Let us suppose $T_b^0$ is the boiling point temperature of pure liquid and ${T_b}$ is the boiling point of mixture, then we can state that $\Delta {T_b} = {K_b} \times m$ where ${K_b}$ is the molal elevation or ebullioscopy constant that depends on solvent, m is the molality and $\Delta {T_b} = T_b^0 - {T_b}$ i.e. elevation in boiling point.
From the problem, we see that $2\%$ solution by weight of urea means that 2 grams of urea is present in 100ml solution, so the mass of the solvent now becomes 98 grams. Molality can be calculated by the below formula:
$molality = \dfrac{{given\,\,mass/molar\,\,mass}}{{mass\,\,of\,\,solvent(in\,\,kg)}}$
Putting the values in it, we get
$molality = \dfrac{{2/60}}{{0.098}} = 0.34m$
Now calculating ${K_b}$ from $\Delta {T_b} = {K_b} \times m$ as we are provided $\Delta {T_b} = 0.18$
$0.18 = {K_b} \times 0.34$ or ${K_b} = 0.529$
Latent heat of vaporization is related to elevation in boiling point by the following formula:
${K_b} = \dfrac{{RT{{_b^0}^{^2}}}}{{1000{L_v}}}$ where R is the universal gas constant and ${L_v}$ is the latent heat of vaporization.

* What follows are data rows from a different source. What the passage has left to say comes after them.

definition griesmer_optimal :: "nat \<Rightarrow> nat \<Rightarrow> nat \<Rightarrow> nat \<Rightarrow> bool" where
  "griesmer_optimal q n k d \<longleftrightarrow> n < griesmer q k (d + 1)"

text \<open>Gamma_q(n,k,d). The condition n - g_q(k1,d) >= g_q(k-k1, ...) is written additively
  to avoid truncated subtraction.\<close>
definition Gamma :: "nat \<Rightarrow> nat \<Rightarrow> nat \<Rightarrow> nat \<Rightarrow> nat" where
  "Gamma q n k d = (if n = griesmer q k d then k
     else (LEAST k1. griesmer q k1 d + griesmer q (k - k1) (ceil_div d (q ^ k1) + 1) \<le> n))"

end

theory Submission
  imports Defs
begin

(* The chain is built one dimension at a time.  Given C_i of dimension i with n(C_i) = g_q(i,d),
   take a complement C' of C_i in C.  If every nonzero word of C' had more than ceil(d/q^i)
   nonzero coordinates outside supp(C_i), the Griesmer bound for C' restricted to those
   coordinates would give n >= g_q(i,d) + g_q(k-i, ceil(d/q^i) + 1), which the definition of
   Gamma_q(n,k,d) excludes for i below it.  So some c in C - C_i adds at most ceil(d/q^i) new
   coordinates, and C_(i+1) = <C_i, c> has n(C_(i+1)) <= g_q(i,d) + ceil(d/q^i) = g_q(i+1,d);
   the Griesmer bound gives the reverse inequality.  The Griesmer bound itself is proved for
   weights counted on an arbitrary finite coordinate set, so that the residual code is again
   an instance of it. *)

lemma ceil_div_le_iff:
  assumes "0 < b"
  shows "ceil_div a b \<le> c \<longleftrightarrow> a \<le> b * c"
proof -
  have "(a + b - 1) div b \<le> c \<longleftrightarrow> a + b - 1 < b * Suc c"
    using assms by (metis div_less_iff_less_mult mult.commute less_Suc_eq_le)
  also have "\<dots> \<longleftrightarrow> a \<le> b * c"
    using assms by auto
  finally show ?thesis
    unfolding ceil_div_def .
qed

lemma ceil_div_ceil_div:
  assumes "0 < b" "0 < c"
  shows "ceil_div (ceil_div a b) c = ceil_div a (b * c)"
proof -
  have "ceil_div (ceil_div a b) c \<le> y \<longleftrightarrow> ceil_div a (b * c) \<le> y" for y
    using assms by (simp add: ceil_div_le_iff mult.assoc)
  then show ?thesis
    by (meson order_antisym order_refl)
qed

lemma ceil_div_one [simp]: "ceil_div a (Suc 0) = a"
  by (simp add: ceil_div_def)

lemma ceil_div_mono: "a \<le> a' \<Longrightarrow> ceil_div a b \<le> ceil_div a' b"
  unfolding ceil_div_def by (simp add: div_le_mono)

lemma griesmer_mono: "d \<le> d' \<Longrightarrow> griesmer q k d \<le> griesmer q k d'"
  unfolding griesmer_def by (intro sum_mono ceil_div_mono)

lemma griesmer_add:
  assumes "0 < q"
  shows "griesmer q (i + m) d = griesmer q i d + griesmer q m (ceil_div d (q ^ i))"
  by (induction m) (simp_all add: griesmer_def ceil_div_ceil_div assms power_add)

lemma griesmer_Suc: "0 < q \<Longrightarrow> griesmer q (Suc k) d = d + griesmer q k (ceil_div d q)"
  using griesmer_add[of q 1 k d] by (simp add: griesmer_def)

lemma griesmer_strict_mono:
  assumes "0 < q" "0 < m"
  shows "griesmer q m d < griesmer q m (Suc d)"
proof -
  obtain m' where "m = Suc m'"
    using assms(2) gr0_implies_Suc by blast
  then show ?thesis
    using griesmer_mono[OF ceil_div_mono[of d "Suc d" q], of q m'] by (simp add: griesmer_Suc assms(1))
qed

lemma less_griesmer_split_if_less_Gamma:
  assumes "0 < q" "j < Gamma q n k d"
  shows "n < griesmer q j d + griesmer q (k - j) (ceil_div d (q ^ j) + 1)"
proof (cases "n = griesmer q k d")
  case True
  then have "j < k"
    using assms(2) by (simp add: Gamma_def)
  then have "n = griesmer q j d + griesmer q (k - j) (ceil_div d (q ^ j))"
    using True griesmer_add[OF assms(1), of j "k - j" d] by simp
  then show ?thesis
    using griesmer_strict_mono[OF assms(1), of "k - j"] \<open>j < k\<close> by simp
next
  case False
  then show ?thesis
    using assms(2) not_less_Least[of j] by (fastforce simp: Gamma_def)
qed

context vector_space
begin

lemma span_Int_span_eq_zero:
  assumes "independent B" "A \<subseteq> B" "A' \<subseteq> B" "A \<inter> A' = {}"
  shows "span A \<inter> span A' = {0}"
proof -
  have "u = 0" if u: "u \<in> span A" "u \<in> span A'" for u
  proof -
    have "representation B u = representation A u" "representation B u = representation A' u"
      using representation_extend[OF assms(1) u(1) assms(2)]
        representation_extend[OF assms(1) u(2) assms(3)] by simp_all
    then have "representation B u b = 0" for b
      using representation_ne_zero[of A u b] representation_ne_zero[of A' u b] assms(4) by auto
    then have "(\<Sum>b | representation B u b \<noteq> 0. representation B u b *s b) = 0"
      by simp
    moreover have "u \<in> span B"
      using u(1) span_mono[OF assms(2)] by blast
    ultimately show "u = 0"
      using sum_nonzero_representation_eq[OF assms(1)] by simp
  qed
  then show ?thesis
    using span_zero by auto
qed

lemma dim_single_0: "dim {0} = 0"
  using dim_span[of "{}"] dim_eq_card_independent[OF independent_empty] by simp

text \<open>No finiteness is needed: an infinite basis of \<open>C\<close> makes \<open>dim C = 0\<close>, and then \<open>{0}\<close>
  is a complement.\<close>

lemma subspace_complement_exists:
  assumes "subspace C" "subspace D" "D \<subseteq> C"
  obtains C' where "subspace C'" "C' \<subseteq> C" "dim C' = dim C - dim D" "C' \<inter> D = {0}"
proof -
  obtain BD where BD: "BD \<subseteq> D" "independent BD" "D \<subseteq> span BD" "card BD = dim D"
    by (rule basis_exists)
  obtain B where B: "BD \<subseteq> B" "B \<subseteq> C" "independent B" "C \<subseteq> span B"
    using maximal_independent_subset_extend[of BD C] BD(1,2) assms(3) by blast
  have card_B: "card B = dim C"
    using B basis_card_eq_dim by blast
  show ?thesis
  proof (cases "finite B")
    case True
    show ?thesis
    proof (rule that)
      show "subspace (span (B - BD))" "span (B - BD) \<subseteq> C"
        using B(2) assms(1) span_minimal[of "B - BD" C] by auto
      have "dim (span (B - BD)) = card (B - BD)"
        using B(3) by (intro dim_span_eq_card_independent) (rule independent_mono, auto)
      then show "dim (span (B - BD)) = dim C - dim D"
        using True B(1) card_B BD(4) by (simp add: card_Diff_subset finite_subset)
      have "span BD = D"
        using BD(1,3) assms(2) by (rule span_subspace)
      then show "span (B - BD) \<inter> D = {0}"
        using span_Int_span_eq_zero[OF B(3), of "B - BD" BD] B(1) by auto
    qed
  next
    case False
    show ?thesis
    proof (rule that)
      show "dim {0} = dim C - dim D"
        using False card_B dim_single_0 by simp
    qed (use subspace_0[OF assms(1)] subspace_0[OF assms(2)] in auto)
  qed
qed

lemma dim_insert_finite:
  assumes "finite S" "x \<notin> span S"
  shows "dim (insert x S) = Suc (dim S)"
proof -
  obtain B where B: "B \<subseteq> S" "independent B" "S \<subseteq> span B" "card B = dim S"
    by (rule basis_exists)
  have "span B = span S"
    unfolding span_eq using B(1,3) span_superset[of S] by blast
  then have x_notin: "x \<notin> span B"
    using assms(2) by simp
  have "dim (insert x S) = card (insert x B)"
  proof (rule basis_card_eq_dim[symmetric])
    show "insert x B \<subseteq> insert x S"
      using B(1) by blast
    show "insert x S \<subseteq> span (insert x B)"
      using B(3) span_mono[OF subset_insertI[of B x]] span_base[OF insertI1[of x B]] by blast
    show "independent (insert x B)"
      using x_notin B(2) by (rule independent_insertI)
  qed
  also have "\<dots> = Suc (card B)"
    using finite_subset[OF B(1) assms(1)] x_notin span_base[of x B] by (auto simp: card_insert_if)
  finally show ?thesis
    using B(4) by simp
qed

end

lemma finite_vecs: "finite (vecs n :: (nat \<Rightarrow> 'a::{finite,zero}) set)"
proof -
  have "vecs n = {v :: nat \<Rightarrow> 'a. \<forall>i. (i \<in> {..<n} \<longrightarrow> v i \<in> UNIV) \<and> (i \<notin> {..<n} \<longrightarrow> v i = 0)}"
    by (auto simp: vecs_def)
  then show ?thesis
    by (simp only:) (rule finite_set_of_finite_funs, simp_all)
qed

lemma eff_length_eq_card_Int_lessThan:
  assumes "X \<subseteq> vecs n"
  shows "eff_length X = card (code_support X \<inter> {..<n})"
proof -
  have "code_support X \<subseteq> {..<n}"
    using assms unfolding code_support_def vecs_def by (auto simp: not_less[symmetric])
  then show ?thesis
    by (simp add: eff_length_def Int_absorb2)
qed

lemma code_support_span_insert:
  assumes "fvs.subspace D"
  shows "code_support (fvs.span (insert c D)) = code_support D \<union> {j. c j \<noteq> 0}"
proof
  show "code_support (fvs.span (insert c D)) \<subseteq> code_support D \<union> {j. c j \<noteq> 0}"
  proof
    fix j
    assume "j \<in> code_support (fvs.span (insert c D))"
    then obtain x where x: "x \<in> fvs.span (insert c D)" "x j \<noteq> 0"
      unfolding code_support_def by auto
    then obtain a where "x - vscale a c \<in> D"
      using fvs.span_breakdown_eq[of x c D] x(1) fvs.span_eq_iff[THEN iffD2, OF assms] by auto
    moreover have "x j = (x - vscale a c) j + a * c j"
      by (simp add: vscale_def)
    ultimately show "j \<in> code_support D \<union> {j. c j \<noteq> 0}"
      using x(2) unfolding code_support_def by (cases "c j = 0") force+
  qed
  show "code_support D \<union> {j. c j \<noteq> 0} \<subseteq> code_support (fvs.span (insert c D))"
    unfolding code_support_def using fvs.span_superset[of "insert c D"] by blast
qed

definition weight_on :: "nat set \<Rightarrow> (nat \<Rightarrow> 'a::zero) \<Rightarrow> nat" where
  "weight_on T v = card {j \<in> T. v j \<noteq> 0}"

lemma hwt_eq_weight_on: "hwt n v = weight_on {..<n} v"
  unfolding hwt_def weight_on_def by simp

lemma card_code_support_span_insert:
  assumes "fvs.subspace D" "finite T"
  shows "card (code_support (fvs.span (insert c D)) \<inter> T) =
    card (code_support D \<inter> T) + weight_on (T - code_support D) c"
proof -
  have "code_support (fvs.span (insert c D)) \<inter> T =
      (code_support D \<inter> T) \<union> {j \<in> T - code_support D. c j \<noteq> 0}"
    using code_support_span_insert[OF assms(1)] by auto
  then show ?thesis
    unfolding weight_on_def using assms(2) by (simp add: card_Un_disjoint disjoint_iff)
qed

lemma card_nonzero_affine:
  fixes a b :: "'a::{finite,field}"
  shows "card {\<alpha>. a + \<alpha> * b \<noteq> 0} = (if b \<noteq> 0 then CARD('a) - 1 else if a \<noteq> 0 then CARD('a) else 0)"
proof (cases "b = 0")
  case False
  then have "{\<alpha>. a + \<alpha> * b \<noteq> 0} = UNIV - {- a / b}"
    by (auto simp: field_simps) (metis add.commute add_eq_0_iff)
  then show ?thesis
    using False by (simp add: card_Diff_singleton)
qed simp
text \<open>For a kernel bounded by \<open>D\<close> on a finite measure space, an eigenfunction \<open>f\<close> satisfies
  \<open>\<bar>\<lambda>\<bar> \<bar>f x\<bar> = \<bar>\<integral> f(y) k(x,y) d\<mu>(y)\<bar> \<le> D \<parallel>f\<parallel>\<^sub>1\<close>; integrating over \<open>x\<close> gives
  \<open>\<bar>\<lambda>\<bar> \<parallel>f\<parallel>\<^sub>1 \<le> D vol(X) \<parallel>f\<parallel>\<^sub>1\<close>, where \<open>\<parallel>f\<parallel>\<^sub>1\<close> is finite and positive because
  square integrable functions on a finite measure space are integrable.
  Sharpness: on \<open>n + 2\<close> points with the discrete metric and counting measure the constants
  are eigenfunctions with eigenvalue \<open>n + 1\<close>, the row sums \<open>n + 1\<close> of the kernel bound every
  eigenvalue (Gershgorin), and \<open>diam(X) vol(X) = n + 2\<close>.\<close>

context Metric_space
begin

lemma space_mm_borel: "space (mm_borel M d) = M"
  unfolding mm_borel_def by (simp add: space_measure_of_conv openin_mtopology subset_eq)

lemma openin_in_sets_mm_borel:
  assumes "openin mtopology U" shows "U \<in> sets (mm_borel M d)"
proof -
  have "{U. openin mtopology U} \<subseteq> Pow M"
    using openin_subset by fastforce
  then show ?thesis
    unfolding mm_borel_def using assms by (simp add: sets_measure_of_conv sigma_sets.Basic)
qed

lemma continuous_map_imp_measurable_mm_borel:
  assumes g: "continuous_map mtopology euclidean g"
  shows "g \<in> borel_measurable (mm_borel M d)"
proof (rule borel_measurableI)
  fix S :: "'b set" assume "open S"
  then have "openin mtopology {x \<in> M. g x \<in> S}"
    using openin_continuous_map_preimage[OF g] by simp
  moreover have "g -` S \<inter> space (mm_borel M d) = {x \<in> M. g x \<in> S}"
    by (auto simp: space_mm_borel)
  ultimately show "g -` S \<inter> space (mm_borel M d) \<in> sets (mm_borel M d)"
    by (simp add: openin_in_sets_mm_borel)
qed

lemma measurable_mm_borel_dist:
  assumes "x \<in> M" shows "d x \<in> borel_measurable (mm_borel M d)"
  using continuous_on_mdist[of x "metric (M, d)"] assms
  by (intro continuous_map_imp_measurable_mm_borel) simp

lemma dist_le_mm_diam:
  assumes "mbounded M" "x \<in> M" "y \<in> M" shows "d x y \<le> mm_diam M d"
proof -
  obtain B where "\<forall>x\<in>M. \<forall>y\<in>M. d x y \<le> B"
    using assms(1) unfolding mbounded_alt by blast
  then show ?thesis
    unfolding mm_diam_def using assms(2,3) by (intro cSup_upper) (auto simp: bdd_above_def)
qed

lemma mtopology_eq_discrete_topology:
  "finite M \<Longrightarrow> mtopology = discrete_topology M"
  by (simp add: Hausdorff_space_mtopology finite_topspace_imp_discrete_topology)
(* Let $b,c\in\mathbb{N}$, $n,m\ge 1$, and let $\hat Y_{cn,bm}=Y_{cn,bm}/c$, where $Y_{cn,bm}$ is the number of remaining white balls in the generalized OK Corral urn described in the context. Then for every integer $s\ge 1$, \[ \mathbb{E}\big(\hat Y_{cn,bm}^{s}\big)=\frac{1}{(n+m)!}\frac{c^{m}}{b^{m}}\sum_{\ell=0}^{n}(-1)^{n-\ell}\frac{\binom{n+m}{n-\ell}\binom{m+\ell}{\ell}}{\binom{m+\frac{c\ell}{b}}{m}}\,\ell^{m+n-1}\big(f_{s+1}(\ell)Q(\ell)+g_{s+1}(\ell)\big). \] Moreover, for each $s\in\mathbb{N}$ there exists a monic polynomial $M_s(y)=\sum_{i=1}^{2s}m_{i,s}y^i$ of degree $2s$ whose coefficients satisfy the polynomial identities (in the indeterminate $X$) \[ \sum_{i=1}^{2s}m_{i,s}f_{i+1}(X)=0,\qquad \sum_{i=1}^{2s}m_{i,s}g_{i+1}(X)=s!\,2^s X^{s+1}, \] and for such $M_s$, \[ \mathbb{E}\big(M_s(\hat Y_{cn,bm})\big)=\frac{s!\,2^s}{(n+m)!}\frac{c^{m}}{b^{m}}\sum_{\ell=0}^{n}(-1)^{n-\ell}\frac{\binom{n+m}{n-\ell}\binom{m+\ell}{\ell}}{\binom{m+\frac{c\ell}{b}}{m}}\,\ell^{m+n+s}=\frac{s!\,2^s}{n!\,m!}\frac{c^{m}}{b^{m}}\sum_{\ell=0}^{n}(-1)^{n-\ell}\frac{\binom{n}{\ell}}{\binom{m+\frac{c\ell}{b}}{m}}\,\ell^{m+n+s}. \]
   Context: The urn: started with $cn$ white and $bm$ black balls; at each step a ball is drawn uniformly at random among all balls present and returned; if it is white, $b$ black balls are removed; if it is black, $c$ white balls are removed. The process stops as soon as no white or no black balls remain; $Y_{cn,bm}$ is the number of white balls then. For real $x$ and integer $k\ge 0$, $\binom{x}{k}=x(x-1)\cdots(x-k+1)/k!$. Define \[ F(z,u)=e^{u(e^{-z}+z-1)},\qquad G(z,u)=e^{u(e^{-z}+z-1)}\int_0^z u\,e^{-t}e^{-u(e^{-t}+t-1)}\,dt, \] and the polynomials $f_n(u)=n![z^n]F(z,u)$, $g_n(u)=n![z^n]G(z,u)$ (coefficient extraction in $z$). $Q$ is Ramanujan's $Q$-function $Q(n)=\sum_{i=0}^{n}\frac{n(n-1)\cdots(n-i+1)}{n^i}$ for $n\ge1$ (the term $\ell=0$ in the sums vanishes because of the factor $\ell^{m+n-1}$ or $\ell^{m+n+s}$). *)

theory Defs
  imports Complex_Main "HOL-Computational_Algebra.Formal_Power_Series"
begin

text \<open>State: w white balls, k black balls.
  A white draw (probability w/(w+k)) removes b black balls, a black draw
  (probability k/(w+k)) removes c white balls; the process stops as soon as
  w = 0 or k = 0.  urn_exp b c h w k is the expectation of h(Y) where Y is
  the final number of white balls, started from (w,k).  (For b = 0 or c = 0
  the process need not terminate; the value is then set to 0, these cases are
  excluded by the hypotheses of the theorem.)\<close>

function urn_exp :: "nat \<Rightarrow> nat \<Rightarrow> (nat \<Rightarrow> real) \<Rightarrow> nat \<Rightarrow> nat \<Rightarrow> real" where
  "urn_exp b c h w k =
     (if b = 0 \<or> c = 0 then 0
      else if w = 0 \<or> k = 0 then h w
      else (real w / real (w + k)) * urn_exp b c h w (k - b)
         + (real k / real (w + k)) * urn_exp b c h (w - c) k)"
  by pat_completeness auto
termination
  by (relation "measure (\<lambda>(b,c,h,w,k). w + k)") auto

definition urnA :: "real fps" where
  "urnA = fps_exp (-1) + fps_X - 1"

definition urnF :: "real \<Rightarrow> real fps" where
  "urnF u = fps_compose (fps_exp u) urnA"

Now ${L_v} = \dfrac{{RT{{_b^0}^{^2}}}}{{1000{K_b}}}$ , putting the values in it, we get
${L_v} = \dfrac{{2 \times {{(373.15)}^2}}}{{1000 \times 0.529}}$
$\therefore$ ${L_v} = 525.8\,\,cal/g$

Hence, the correct option is (C).

Note:
There is one basic formula of latent heat of vaporisation in case we are given the mass of substance in kilograms and energy in joules, then latent heat of vaporisation in $J/Kg$ can be calculated by using this formula: $E = m \times {L_v}$.